** Opening MATERIAL FOR THIS TASK block **

lemma measure_PiM_gauss_factor_bsgn_linear_form:
  fixes r :: "nat \<Rightarrow> 'i" and v :: "nat \<Rightarrow> real"
  assumes r: "inj_on r {..<n}" "r ` {..<n} \<subseteq> I" and v: "\<exists>j<n. v j \<noteq> 0"
    and sg: "sg = -1 \<or> sg = 1"
  shows "measure (PiM I (gauss_factor \<mu>)) {\<omega> \<in> space (PiM I (gauss_factor \<mu>)). bsgn (\<Sum>j<n. \<omega> (r j) * v j) = sg}
       = 1/2 + sg/2 * Erf ((\<Sum>j<n. \<mu> (r j) * v j) / sqrt (2 * (\<Sum>j<n. (v j)\<^sup>2)))"
proof -
  let ?M = "PiM I (gauss_factor \<mu>)"
  let ?X = "\<lambda>\<omega>. \<Sum>j<n. \<omega> (r j) * v j"
  let ?e = "Erf ((\<Sum>j<n. \<mu> (r j) * v j) / sqrt (2 * (\<Sum>j<n. (v j)\<^sup>2)))"
  interpret P: prob_space ?M by (rule prob_space_PiM_gauss_factor)
  have "0 < (\<Sum>j<n. (v j)\<^sup>2)"
    using v by (auto intro!: sum_pos2)
  then have "emeasure ?M (?X -` {..<0} \<inter> space ?M) = ennreal ((1 - ?e) / 2)"
    by (simp add: distributed_emeasure[OF distributed_PiM_gauss_factor_linear_form[OF r v]]
        nn_integral_normal_density_lessThan_0 real_sqrt_mult)
  moreover have "?X -` {..<0} \<inter> space ?M = {\<omega> \<in> space ?M. ?X \<omega> < 0}"
    by auto
  ultimately have neg: "measure ?M {\<omega> \<in> space ?M. ?X \<omega> < 0} = (1 - ?e) / 2"
    using Erf_less_1 by (simp add: measure_def less_imp_le)
  show ?thesis
  proof (cases "sg = 1")
    case True
    then have "{\<omega> \<in> space ?M. bsgn (?X \<omega>) = sg} = space ?M - {\<omega> \<in> space ?M. ?X \<omega> < 0}"
      by (auto simp: bsgn_def)
    then show ?thesis
      using True neg by (simp add: P.prob_compl)
  next
    case False
    then have "{\<omega> \<in> space ?M. bsgn (?X \<omega>) = sg} = {\<omega> \<in> space ?M. ?X \<omega> < 0}"
      using sg by (auto simp: bsgn_def)
    then show ?thesis
      using False sg neg by auto
  qed
qed

section \<open>Layer outputs of a random network\<close>

lemma aggr_eq_PiM_gauss_factor:
  "aggr L d W = PiM (bam_index L d) (gauss_factor (\<lambda>(k, i, j). W k i j))"
  unfolding aggr_def gauss_factor_def by (rule PiM_cong) auto

lemma prob_space_aggr: "prob_space (aggr L d W)"
  unfolding aggr_eq_PiM_gauss_factor by (rule prob_space_PiM_gauss_factor)

lemma bsgn_cases: "bsgn t = -1 \<or> bsgn t = 1"
  by (simp add: bsgn_def)

lemma measurable_bsgn [measurable]: "bsgn \<in> borel_measurable borel"
  unfolding bsgn_def by measurable

lemma measurable_layer [measurable]:
  "(\<lambda>V. layer V d k x i) \<in> borel_measurable (PiM I (gauss_factor \<mu>))"
  by (induction k arbitrary: i) simp_all

lemma layer_restrict_bam_index:
  assumes "k \<le> m" "i < d k"
  shows "layer (restrict V (bam_index m d)) d k x i = layer V d k x i"
  using assms
proof (induction k arbitrary: i)
  case (Suc k)
  have "restrict V (bam_index m d) (Suc k, i, j) = V (Suc k, i, j)" if "j < d k" for j
    using Suc.prems that by (simp add: bam_index_def)
  with Suc show ?case
    by simp
qed simp

lemma finite_Rset: "finite (Rset d m)"
proof (rule finite_subset)
  show "Rset d m \<subseteq> (\<lambda>f i. if i < d m then f i else 0) ` PiE {..<d m} (\<lambda>_. {-1, 1})"
  proof
    fix s assume "s \<in> Rset d m"
    then show "s \<in> (\<lambda>f i. if i < d m then f i else 0) ` PiE {..<d m} (\<lambda>_. {-1, 1})"
      by (intro image_eqI[of _ _ "restrict s {..<d m}"]) (auto simp: Rset_def fun_eq_iff)
  qed
qed (intro finite_imageI finite_PiE; simp)

definition layer_vec :: "(nat \<times> nat \<times> nat \<Rightarrow> real) \<Rightarrow> (nat \<Rightarrow> nat) \<Rightarrow> (nat \<Rightarrow> real) \<Rightarrow> nat \<Rightarrow> nat \<Rightarrow> real" where
  "layer_vec V d x m = (\<lambda>i. if i < d m then layer V d m x i else 0)"

lemma layer_vec_in_Rset: "0 < m \<Longrightarrow> layer_vec V d x m \<in> Rset d m"
  using bsgn_cases by (cases m) (auto simp: layer_vec_def Rset_def)

lemma layer_eq_Rset_iff:
  "s \<in> Rset d m \<Longrightarrow> (\<forall>i<d m. layer V d m x i = s i) \<longleftrightarrow> s = layer_vec V d x m"
  by (auto simp: Rset_def layer_vec_def fun_eq_iff)

definition layer_event :: "nat \<Rightarrow> (nat \<Rightarrow> nat) \<Rightarrow> (nat \<Rightarrow> nat \<Rightarrow> nat \<Rightarrow> real) \<Rightarrow> (nat \<Rightarrow> real)
    \<Rightarrow> nat \<Rightarrow> (nat \<Rightarrow> real) \<Rightarrow> (nat \<times> nat \<times> nat \<Rightarrow> real) set" where
  "layer_event L d W x m s = {V \<in> space (aggr L d W). \<forall>i<d m. layer V d m x i = s i}"

lemma sets_layer_event [measurable]: "layer_event L d W x m s \<in> sets (aggr L d W)"
  unfolding layer_event_def aggr_eq_PiM_gauss_factor by measurable

lemma sum_Rset_indicator_layer_event:
  assumes "0 < m" "V \<in> space (aggr L d W)"
  shows "(\<Sum>s\<in>Rset d m. f s * indicator (layer_event L d W x m s) V) = (f (layer_vec V d x m) :: real)"
proof -
  have "(\<Sum>s\<in>Rset d m. f s * indicator (layer_event L d W x m s) V)
      = (\<Sum>s\<in>Rset d m. if s = layer_vec V d x m then f s else 0)"
    using assms by (intro sum.cong) (auto simp: layer_event_def layer_eq_Rset_iff)
  then show ?thesis
    using layer_vec_in_Rset[OF assms(1)] finite_Rset by simp
qed

lemma measure_eq_sum_layer_event:
  assumes A: "A \<in> sets (aggr L d W)" and m: "0 < m"
  shows "measure (aggr L d W) A = (\<Sum>s\<in>Rset d m. measure (aggr L d W) (A \<inter> layer_event L d W x m s))"
proof -
  interpret prob_space "aggr L d W" by (rule prob_space_aggr)
  have "A = (\<Union>s\<in>Rset d m. A \<inter> layer_event L d W x m s)"
    using sets.sets_into_space[OF A] layer_vec_in_Rset[OF m]
    by (auto simp: layer_event_def layer_eq_Rset_iff)
  moreover have "disjoint_family_on (\<lambda>s. A \<inter> layer_event L d W x m s) (Rset d m)"
    by (auto simp: disjoint_family_on_def layer_event_def layer_eq_Rset_iff)
  ultimately show ?thesis
    using A by (subst (1) \<open>A = _\<close>, intro measure_finite_Union) (auto simp: finite_Rset)
qed

text \<open>On input \<open>v\<close>, the sign pattern of layer \<open>k\<close> depends only on the weights of layer \<open>k\<close>,
  hence is independent of any event \<open>Q\<close> about the weights of earlier layers.\<close>
lemma measure_layer_signs_independent:
  fixes Q :: "(nat \<times> nat \<times> nat \<Rightarrow> real) \<Rightarrow> bool" and v s :: "nat \<Rightarrow> real"
  assumes k: "0 < k" "k \<le> L" "0 < d k" and v: "\<exists>j<d (k - 1). v j \<noteq> 0"
    and s: "\<forall>i<d k. s i = -1 \<or> s i = 1"
    and Q: "{w \<in> space (PiM (bam_index (k - 1) d) (gauss_factor (\<lambda>(k, i, j). W k i j))). Q w}
      \<in> sets (PiM (bam_index (k - 1) d) (gauss_factor (\<lambda>(k, i, j). W k i j)))"
  shows "measure (aggr L d W) {V \<in> space (aggr L d W). Q (restrict V (bam_index (k - 1) d))
           \<and> (\<forall>i<d k. bsgn (\<Sum>j<d (k - 1). V (k, i, j) * v j) = s i)}
     = measure (aggr L d W) {V \<in> space (aggr L d W). Q (restrict V (bam_index (k - 1) d))}
       * (\<Prod>i<d k. 1/2 + s i / 2 * Erf ((\<Sum>j<d (k - 1). W k i j * v j) / sqrt (2 * (\<Sum>j<d (k - 1). (v j)\<^sup>2))))"
proof -
  let ?M = "aggr L d W"
  define T where "T = insert None (Some ` {..<d k})"
  define G where "G t = (case t of None \<Rightarrow> bam_index (k - 1) d | Some i \<Rightarrow> (\<lambda>j. (k, i, j)) ` {..<d (k - 1)})" for t
  define R where "R t w = (case t of None \<Rightarrow> Q w | Some i \<Rightarrow> bsgn (\<Sum>j<d (k - 1). w (k, i, j) * v j) = s i)"
    for t and w :: "nat \<times> nat \<times> nat \<Rightarrow> real"
  define E where "E t = {V \<in> space ?M. R t (restrict V (G t))}" for t
  have row: "(\<Sum>j<d (k - 1). restrict V (G (Some i)) (k, i, j) * v j) = (\<Sum>j<d (k - 1). V (k, i, j) * v j)" for V i
    by (rule sum.cong) (auto simp: G_def)
  have "measure ?M (\<Inter>t\<in>T. E t) = (\<Prod>t\<in>T. measure ?M (E t))"
    unfolding E_def aggr_eq_PiM_gauss_factor
  proof (rule measure_PiM_Inter_restrict)
    show "bam_index L d \<noteq> {}"
      using k v by (auto simp: bam_index_def)
    show "G t \<subseteq> bam_index L d" if "t \<in> T" for t
      using that k by (auto simp: T_def G_def bam_index_def)
    show "disjoint_family_on G T"
      by (auto simp: disjoint_family_on_def G_def T_def bam_index_def split: option.splits)
    show "{w \<in> space (PiM (G t) (gauss_factor (\<lambda>(k, i, j). W k i j))). R t w}
        \<in> sets (PiM (G t) (gauss_factor (\<lambda>(k, i, j). W k i j)))" for t
      using Q by (cases t) (simp_all add: R_def G_def)
  qed (auto simp: T_def prob_space_gauss_factor)
  moreover have "(\<Inter>t\<in>T. E t) = {V \<in> space ?M. Q (restrict V (bam_index (k - 1) d))
           \<and> (\<forall>i<d k. bsgn (\<Sum>j<d (k - 1). V (k, i, j) * v j) = s i)}"
    by (auto simp: T_def E_def R_def G_def row)
  moreover have "E None = {V \<in> space ?M. Q (restrict V (bam_index (k - 1) d))}"
    by (simp add: E_def R_def G_def)
  moreover have "measure ?M (E (Some i))
      = 1/2 + s i / 2 * Erf ((\<Sum>j<d (k - 1). W k i j * v j) / sqrt (2 * (\<Sum>j<d (k - 1). (v j)\<^sup>2)))"
    if "i < d k" for i
  proof -
    have "E (Some i) = {V \<in> space ?M. bsgn (\<Sum>j<d (k - 1). V (k, i, j) * v j) = s i}"
      unfolding E_def R_def option.case row ..
    then show ?thesis
      using measure_PiM_gauss_factor_bsgn_linear_form[where \<mu>="\<lambda>(k, i, j). W k i j"
          and r="\<lambda>j. (k, i, j)" and I="bam_index L d"] k v s that
      by (simp add: aggr_eq_PiM_gauss_factor inj_on_def image_subset_iff bam_index_def)
  qed
  ultimately show ?thesis
    by (simp add: T_def prod.reindex inj_on_def)
qed

lemma measure_layer_event_1:
  assumes "1 \<le> L" "0 < d 1" "\<exists>j<d 0. x j \<noteq> 0" "s \<in> Rset d 1"
  shows "measure (aggr L d W) (layer_event L d W x 1 s) = P1 d W x s"
proof -
  interpret P: prob_space "aggr L d W" by (rule prob_space_aggr)
  have "layer_event L d W x 1 s = {V \<in> space (aggr L d W). True
      \<and> (\<forall>i<d 1. bsgn (\<Sum>j<d (1 - 1). V (1, i, j) * x j) = s i)}"
    by (simp add: layer_event_def)
  then show ?thesis
    using measure_layer_signs_independent[where k=1 and Q="\<lambda>_. True" and v=x] assms
    by (simp add: Rset_def P1_def vnorm_def real_sqrt_mult P.prob_space)
qed

lemma P1_pos: "s \<in> Rset d 1 \<Longrightarrow> 0 < P1 d W x s"
  unfolding P1_def by (intro prod_pos Erf_affine_pos) (simp add: Rset_def)

lemma sum_P1_eq_1:
  assumes "0 < d 1" "\<exists>j<d 0. x j \<noteq> 0"
  shows "(\<Sum>s\<in>Rset d 1. P1 d W x s) = 1"
proof -
  have "(\<Sum>s\<in>Rset d 1. P1 d W x s) = (\<Sum>s\<in>Rset d 1. measure (aggr 1 d W) (layer_event 1 d W x 1 s))"
    using assms by (intro sum.cong refl measure_layer_event_1[symmetric]) auto
  also have "\<dots> = measure (aggr 1 d W) (space (aggr 1 d W))"
    using measure_eq_sum_layer_event[of "space (aggr 1 d W)" 1 d W 1 x]
    by (simp add: Int_absorb1 layer_event_def)
  also have "\<dots> = 1"
    by (rule prob_space.prob_space[OF prob_space_aggr])
  finally show ?thesis .
qed

lemma sum_square_Rset:
  assumes "s \<in> Rset d m"
  shows "(\<Sum>j<d m. (s j)\<^sup>2) = real (d m)"
proof -
  have "(\<Sum>j<d m. (s j)\<^sup>2) = (\<Sum>j<d m. 1)"
    by (rule sum.cong) (use assms in \<open>auto simp: Rset_def\<close>)
  then show ?thesis
    by simp
qed

lemma measure_layer_event_Suc:
  assumes m: "0 < m" "Suc m \<le> L" "0 < d m" "0 < d (Suc m)"
    and sb: "sb \<in> Rset d m" and s: "s \<in> Rset d (Suc m)"
  shows "measure (aggr L d W) (layer_event L d W x 1 s1 \<inter> layer_event L d W x m sb \<inter> layer_event L d W x (Suc m) s)
       = measure (aggr L d W) (layer_event L d W x 1 s1 \<inter> layer_event L d W x m sb) * Psi d W (Suc m) s sb"
proof -
  define Q where "Q w \<longleftrightarrow> (\<forall>i<d 1. layer w d 1 x i = s1 i) \<and> (\<forall>i<d m. layer w d m x i = sb i)"
    for w :: "nat \<times> nat \<times> nat \<Rightarrow> real"
  have Q_restrict: "Q (restrict V (bam_index (Suc m - 1) d)) \<longleftrightarrow> Q V" for V
    using m by (simp add: Q_def layer_restrict_bam_index del: layer.simps)
  have layer_Suc: "layer V d (Suc m) x i = bsgn (\<Sum>j<d (Suc m - 1). V (Suc m, i, j) * sb j)"
    if "Q V" for V i
  proof -
    have "(\<Sum>j<d m. V (Suc m, i, j) * layer V d m x j) = (\<Sum>j<d m. V (Suc m, i, j) * sb j)"
      by (rule sum.cong) (use that in \<open>simp_all add: Q_def\<close>)
    then show ?thesis
      by simp
  qed
  have E: "layer_event L d W x 1 s1 \<inter> layer_event L d W x m sb
      = {V \<in> space (aggr L d W). Q (restrict V (bam_index (Suc m - 1) d))}"
    unfolding Q_restrict by (auto simp: layer_event_def Q_def)
  moreover have "layer_event L d W x 1 s1 \<inter> layer_event L d W x m sb \<inter> layer_event L d W x (Suc m) s
      = {V \<in> space (aggr L d W). Q (restrict V (bam_index (Suc m - 1) d))
           \<and> (\<forall>i<d (Suc m). bsgn (\<Sum>j<d (Suc m - 1). V (Suc m, i, j) * sb j) = s i)}"
    unfolding E Q_restrict using layer_Suc by (auto simp: layer_event_def simp del: layer.simps)
  moreover have "{w \<in> space (PiM (bam_index m d) (gauss_factor (\<lambda>(k, i, j). W k i j))). Q w}
      \<in> sets (PiM (bam_index m d) (gauss_factor (\<lambda>(k, i, j). W k i j)))"
    unfolding Q_def by measurable
  moreover have "\<exists>j<d m. sb j \<noteq> 0" "\<forall>i<d (Suc m). s i = -1 \<or> s i = 1"
    using m sb s by (force simp: Rset_def)+
  ultimately show ?thesis
    using measure_layer_signs_independent[where k="Suc m" and Q=Q and v=sb] m
    by (simp add: Psi_def sum_square_Rset[OF sb])
qed
lemma gamma_f_circ:
  "gamma m (f_circ C \<alpha> A') = (\<Sum>i\<in>C. Poly_Mapping.single 0 (\<alpha> i) * row_prod m (insert i A'))"
  unfolding f_circ_def gamma_sum gamma_smult gamma_zvar ..

lemma pvars_zero: "0 \<in> pvars E"
  unfolding pvars_def by simp

lemma pvars_const: "Poly_Mapping.single 0 a \<in> pvars E"
  unfolding pvars_def by simp

lemma pvars_one: "1 \<in> pvars E"
  unfolding pvars_def by simp

lemma pvars_zvar: "S \<subseteq> E \<Longrightarrow> zvar S \<in> pvars E"
  unfolding pvars_def zvar_def by simp

lemma pvars_add: "p \<in> pvars E \<Longrightarrow> q \<in> pvars E \<Longrightarrow> p + q \<in> pvars E"
  unfolding pvars_def using keys_add[of p q] by blast

lemma pvars_mult:
  assumes "p \<in> pvars E" "q \<in> pvars E"
  shows "p * q \<in> pvars E"
  unfolding pvars_def
proof (intro CollectI ballI)
  fix \<mu> S
  assume "\<mu> \<in> Poly_Mapping.keys (p * q)" and S: "S \<in> Poly_Mapping.keys \<mu>"
  then obtain a b where "\<mu> = a + b" "a \<in> Poly_Mapping.keys p" "b \<in> Poly_Mapping.keys q"
    using keys_mult[of p q] by blast
  with S keys_add[of a b] assms show "S \<subseteq> E"
    unfolding pvars_def by blast
qed

locale poly_ideal =
  fixes E :: "'e set" and I :: "'e zpoly set"
  assumes zero_mem: "0 \<in> I"
    and add_mem: "p \<in> I \<Longrightarrow> q \<in> I \<Longrightarrow> p + q \<in> I"
    and mult_mem: "p \<in> I \<Longrightarrow> r \<in> pvars E \<Longrightarrow> r * p \<in> I"
begin

lemma smult_mem: "p \<in> I \<Longrightarrow> Poly_Mapping.single 0 a * p \<in> I"
  by (rule mult_mem[OF _ pvars_const])

lemma diff_mem: "p \<in> I \<Longrightarrow> q \<in> I \<Longrightarrow> p - q \<in> I"
  using add_mem[of p "Poly_Mapping.single 0 (-1) * q"] smult_mem[of q "-1"]
  by (simp add: single_uminus)

lemma sum_mem: "(\<And>i. i \<in> A \<Longrightarrow> f i \<in> I) \<Longrightarrow> (\<Sum>i\<in>A. f i) \<in> I"
  by (induction A rule: infinite_finite_induct) (simp_all add: zero_mem add_mem)

lemma mult_cong_mem:
  assumes "p - g * u \<in> I" "u * v - w \<in> I" "v \<in> pvars E" "g \<in> pvars E"
  shows "p * v - g * w \<in> I"
proof -
  have "p * v - g * w = v * (p - g * u) + g * (u * v - w)"
    by (simp add: algebra_simps)
  then show ?thesis
    using assms by (simp add: add_mem mult_mem)
qed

** Closing MATERIAL FOR THIS TASK block **

Print again the lines of the entries above that fall between the line holding "unfolding pvars_def zvar_def by simp" and the line holding "by (simp add: single_uminus)", inclusive, exactly as they stand.

(WRITTEN ANSWER)
  unfolding pvars_def zvar_def by simp

lemma pvars_add: "p \<in> pvars E \<Longrightarrow> q \<in> pvars E \<Longrightarrow> p + q \<in> pvars E"
  unfolding pvars_def using keys_add[of p q] by blast

lemma pvars_mult:
  assumes "p \<in> pvars E" "q \<in> pvars E"
  shows "p * q \<in> pvars E"
  unfolding pvars_def
proof (intro CollectI ballI)
  fix \<mu> S
  assume "\<mu> \<in> Poly_Mapping.keys (p * q)" and S: "S \<in> Poly_Mapping.keys \<mu>"
  then obtain a b where "\<mu> = a + b" "a \<in> Poly_Mapping.keys p" "b \<in> Poly_Mapping.keys q"
    using keys_mult[of p q] by blast
  with S keys_add[of a b] assms show "S \<subseteq> E"
    unfolding pvars_def by blast
qed

locale poly_ideal =
  fixes E :: "'e set" and I :: "'e zpoly set"
  assumes zero_mem: "0 \<in> I"
    and add_mem: "p \<in> I \<Longrightarrow> q \<in> I \<Longrightarrow> p + q \<in> I"
    and mult_mem: "p \<in> I \<Longrightarrow> r \<in> pvars E \<Longrightarrow> r * p \<in> I"
begin

lemma smult_mem: "p \<in> I \<Longrightarrow> Poly_Mapping.single 0 a * p \<in> I"
  by (rule mult_mem[OF _ pvars_const])

lemma diff_mem: "p \<in> I \<Longrightarrow> q \<in> I \<Longrightarrow> p - q \<in> I"
  using add_mem[of p "Poly_Mapping.single 0 (-1) * q"] smult_mem[of q "-1"]
  by (simp add: single_uminus)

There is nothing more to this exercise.